lemma window_decaying:
  assumes du: "decaying u"
  shows "decaying (\<lambda>n. vnorm (2*d) (window u n))"
  unfolding decaying_def
proof (intro allI impI)
  fix \<epsilon> :: real assume ep: "\<epsilon> > 0"
  define \<eta> where "\<eta> = \<epsilon> / real (2*d)"
  have eta: "\<eta> > 0" using ep d_ge_1 by (simp add: \<eta>_def)
  obtain M0 where M0: "\<And>n. \<bar>n\<bar> \<ge> M0 \<Longrightarrow> cmod (u n) < \<eta>" using du eta unfolding decaying_def by blast
  have "vnorm (2*d) (window u n) < \<epsilon>" if n: "\<bar>n\<bar> \<ge> M0 + 2 * int d" for n
  proof -
    have "vnorm (2*d) (window u n) \<le> (\<Sum>i<2*d. cmod (window u n i))" by (rule vnorm_le_sum)
    also have "\<dots> < (\<Sum>i<2*d. \<eta>)"
    proof (rule sum_strict_mono)
      show "{..<2*d} \<noteq> {}" using d_ge_1 by (simp add: lessThan_empty_iff)
      fix i assume i: "i \<in> {..<2*d}"
      have "\<bar>n + int d - 1 - int i\<bar> \<ge> M0" using n i by auto
      then show "cmod (window u n i) < \<eta>" using i M0 by (simp add: window_def)
    qed simp
    also have "\<dots> = \<epsilon>" using d_ge_1 by (simp add: \<eta>_def)
    finally show ?thesis .
  qed
  then show "\<exists>M. \<forall>n. \<bar>n\<bar> \<ge> M \<longrightarrow> norm (vnorm (2*d) (window u n)) < \<epsilon>" by auto
qed

end

lemma ratio_le_trans:
  fixes a b c e f g :: real
  assumes "a * b \<le> c * e" and "e * f \<le> b * g" and "b = 0 \<Longrightarrow> f = 0"
    and "a \<ge> 0" "b \<ge> 0" "c \<ge> 0" "f \<ge> 0" "g \<ge> 0"
  shows "a * f \<le> c * g"
proof (cases "b = 0")
  case False
  have "b * (a * f) = (a * b) * f" by simp
  also have "\<dots> \<le> (c * e) * f" using assms by (intro mult_right_mono) auto
  also have "\<dots> = c * (e * f)" by simp
  also have "\<dots> \<le> c * (b * g)" using assms by (intro mult_left_mono) auto
  also have "\<dots> = b * (c * g)" by simp
  finally have "b * (a * f) \<le> b * (c * g)" .
  then show ?thesis using False assms(5) by (simp add: mult_le_cancel_left_pos)
qed (use assms in simp)

locale dominated_split = dual_cocycle +
  fixes Ep Em :: "real \<Rightarrow> (nat \<Rightarrow> complex) set" and P :: "real \<Rightarrow> nat \<Rightarrow> nat \<Rightarrow> complex" and N :: nat
  assumes Ep_Em_periodic: "\<And>\<theta>. Ep (\<theta> + 1) = Ep \<theta> \<and> Em (\<theta> + 1) = Em \<theta>"
    and Ep_dim: "\<And>\<theta>. subspace_dim (2*d) (Ep \<theta>) (d - 1)"
    and Em_dim: "\<And>\<theta>. subspace_dim (2*d) (Em \<theta>) (d + 1)"
    and direct_sum: "\<And>\<theta>. \<forall>u\<in>cvec (2*d). \<exists>!p. fst p \<in> Ep \<theta> \<and> snd p \<in> Em \<theta> \<and> u = (\<lambda>i. fst p i + snd p i)"
    and P_continuous: "\<And>i j. i < 2*d \<Longrightarrow> j < 2*d \<Longrightarrow> continuous_on UNIV (\<lambda>\<theta>. P \<theta> i j)"
    and P_projection: "\<And>\<theta> u. u \<in> cvec (2*d) \<Longrightarrow> mvmult (2*d) (P \<theta>) u \<in> Ep \<theta> \<and>
                            (\<lambda>i. u i - mvmult (2*d) (P \<theta>) u i) \<in> Em \<theta>"
    and Ep_Em_invariant: "\<And>\<theta>. mvmult (2*d) (L \<theta>) ` Ep \<theta> = Ep (\<theta> + \<alpha>) \<and> mvmult (2*d) (L \<theta>) ` Em \<theta> = Em (\<theta> + \<alpha>)"
    and N_ge_1: "N \<ge> 1"
    and domination: "\<And>\<theta> u w. u \<in> Ep \<theta> \<Longrightarrow> w \<in> Em \<theta> \<Longrightarrow> vnorm (2*d) u = 1 \<Longrightarrow> vnorm (2*d) w = 1 \<Longrightarrow>
          vnorm (2*d) (cocycle_iter (2*d) \<alpha> L N \<theta> u) > vnorm (2*d) (cocycle_iter (2*d) \<alpha> L N \<theta> w)"

lemma dominated_split_of_dominated:
  assumes "dual_cocycle d vh" and "dominated (2*d) \<alpha> (dualL d vh E) (d - 1)"
  obtains Ep Em P N where "dominated_split d vh E \<alpha> Ep Em P N"
proof -
  have dd: "2*d - (d - 1) = d + 1" using dual_cocycle.d_ge_1[OF assms(1)] by simp
  from assms(2) show ?thesis
    unfolding dominated_def dd
    by (elim exE conjE)
      (rule that, unfold dominated_split_def dominated_split_axioms_def, intro conjI, auto simp: assms(1))
qed

context dominated_split
begin

lemma Ep_cvec: "x \<in> Ep \<theta> \<Longrightarrow> x \<in> cvec (2*d)"
  using subspace_dim_cvec[OF Ep_dim] .

lemma Em_cvec: "x \<in> Em \<theta> \<Longrightarrow> x \<in> cvec (2*d)"
  using subspace_dim_cvec[OF Em_dim] .

lemma split_unique:
  assumes "x \<in> Ep \<theta>" "y \<in> Em \<theta>" "x' \<in> Ep \<theta>" "y' \<in> Em \<theta>"
    and "(\<lambda>i. x i + y i) = (\<lambda>i. x' i + y' i)"
  shows "x = x' \<and> y = y'"
proof -
  have u: "(\<lambda>i. x i + y i) \<in> cvec (2*d)"
    using Ep_cvec[OF assms(1)] Em_cvec[OF assms(2)] by (auto simp: cvec_def)
  have ex1: "\<exists>!p. fst p \<in> Ep \<theta> \<and> snd p \<in> Em \<theta> \<and> (\<lambda>i. x i + y i) = (\<lambda>i. fst p i + snd p i)"
    using direct_sum[of \<theta>] u by (rule bspec)
  show ?thesis
  proof (rule ex1E[OF ex1])
    fix p assume "fst p \<in> Ep \<theta> \<and> snd p \<in> Em \<theta> \<and> (\<lambda>i. x i + y i) = (\<lambda>i. fst p i + snd p i)"
      and all: "\<forall>q. fst q \<in> Ep \<theta> \<and> snd q \<in> Em \<theta> \<and> (\<lambda>i. x i + y i) = (\<lambda>i. fst q i + snd q i) \<longrightarrow> q = p"
    have "(x, y) = p" using all assms(1,2) by simp
    moreover have "(x', y') = p" using all assms(3,4,5) by simp
    ultimately have "(x, y) = (x', y')" by simp
    then show ?thesis by simp
  qed
qed
lemma gumm_operations_eval3:
  assumes alg: "in_variety ar Sig A F" and gumm: "gumm_terms ar Sig n p j"
  shows "gumm_operations A (eval3 F p) (\<lambda>i. eval3 F (j i)) n"
proof -
  have tp: "ternary_trm ar p" and tj: "\<And>i. i \<in> {1..n+1} \<Longrightarrow> ternary_trm ar (j i)"
    using gumm unfolding gumm_terms_def by auto
  note eq = derivable_eval_val3[OF alg]
  show ?thesis
  proof
    fix i u v assume i: "i \<in> {1..n+1}" and "u \<in> A" "v \<in> A"
    moreover have "derivable ar Sig vx (app3 (j i) vx vy vx)"
      using gumm i unfolding gumm_terms_def by blast
    ultimately show "eval3 F (j i) u v u = u"
      using eq[of vx "app3 (j i) vx vy vx" u v u] by (simp add: eval_app3[OF tj[OF i]] val3_def)
  next
    fix u w assume "u \<in> A" "w \<in> A"
    moreover have "derivable ar Sig vx (app3 p vx vz vz)"
      and "derivable ar Sig (app3 p vx vx vz) (app3 (j 1) vx vx vz)"
      using gumm unfolding gumm_terms_def by blast+
    ultimately show "eval3 F p u w w = u" "eval3 F p u u w = eval3 F (j 1) u u w"
      using eq[of vx "app3 p vx vz vz" u w w] eq[of "app3 p vx vx vz" "app3 (j 1) vx vx vz" u u w]
      by (simp_all add: eval_app3[OF tp] eval_app3[OF tj] val3_def)
  next
    fix i u w assume i: "i \<in> {1..n}" "odd i" and "u \<in> A" "w \<in> A"
    moreover have "derivable ar Sig (app3 (j i) vx vz vz) (app3 (j (Suc i)) vx vz vz)"
      using gumm i unfolding gumm_terms_def by simp
    moreover have "i \<in> {1..n+1}" "Suc i \<in> {1..n+1}" using i by auto
    ultimately show "eval3 F (j i) u w w = eval3 F (j (Suc i)) u w w"
      using eq[of "app3 (j i) vx vz vz" "app3 (j (Suc i)) vx vz vz" u u w]
      by (simp add: eval_app3[OF tj] val3_def)
  next
    fix i u w assume i: "i \<in> {1..n}" "even i" and "u \<in> A" "w \<in> A"
    moreover have "derivable ar Sig (app3 (j i) vx vx vz) (app3 (j (Suc i)) vx vx vz)"
      using gumm i unfolding gumm_terms_def by simp
    moreover have "i \<in> {1..n+1}" "Suc i \<in> {1..n+1}" using i by auto
    ultimately show "eval3 F (j i) u u w = eval3 F (j (Suc i)) u u w"
      using eq[of "app3 (j i) vx vx vz" "app3 (j (Suc i)) vx vx vz" u u w]
      by (simp add: eval_app3[OF tj] val3_def)
  next
    fix u v w assume "u \<in> A" "v \<in> A" "w \<in> A"
    moreover have "derivable ar Sig (app3 (j (Suc n)) vx vy vz) vz"
      using gumm unfolding gumm_terms_def by simp
    ultimately show "eval3 F (j (Suc n)) u v w = w"
      using eq[of "app3 (j (Suc n)) vx vy vz" vz u v w]
      by (simp add: eval_app3[OF tj] val3_def)
  qed
qed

_Work request_
Whenever a line in the records above contains the string "thesis", copy that line.

_Result for this exercise_
    finally show ?thesis .
  then show ?thesis using False assms(5) by (simp add: mult_le_cancel_left_pos)
  from assms(2) show ?thesis
  show ?thesis
    then show ?thesis by simp
  show ?thesis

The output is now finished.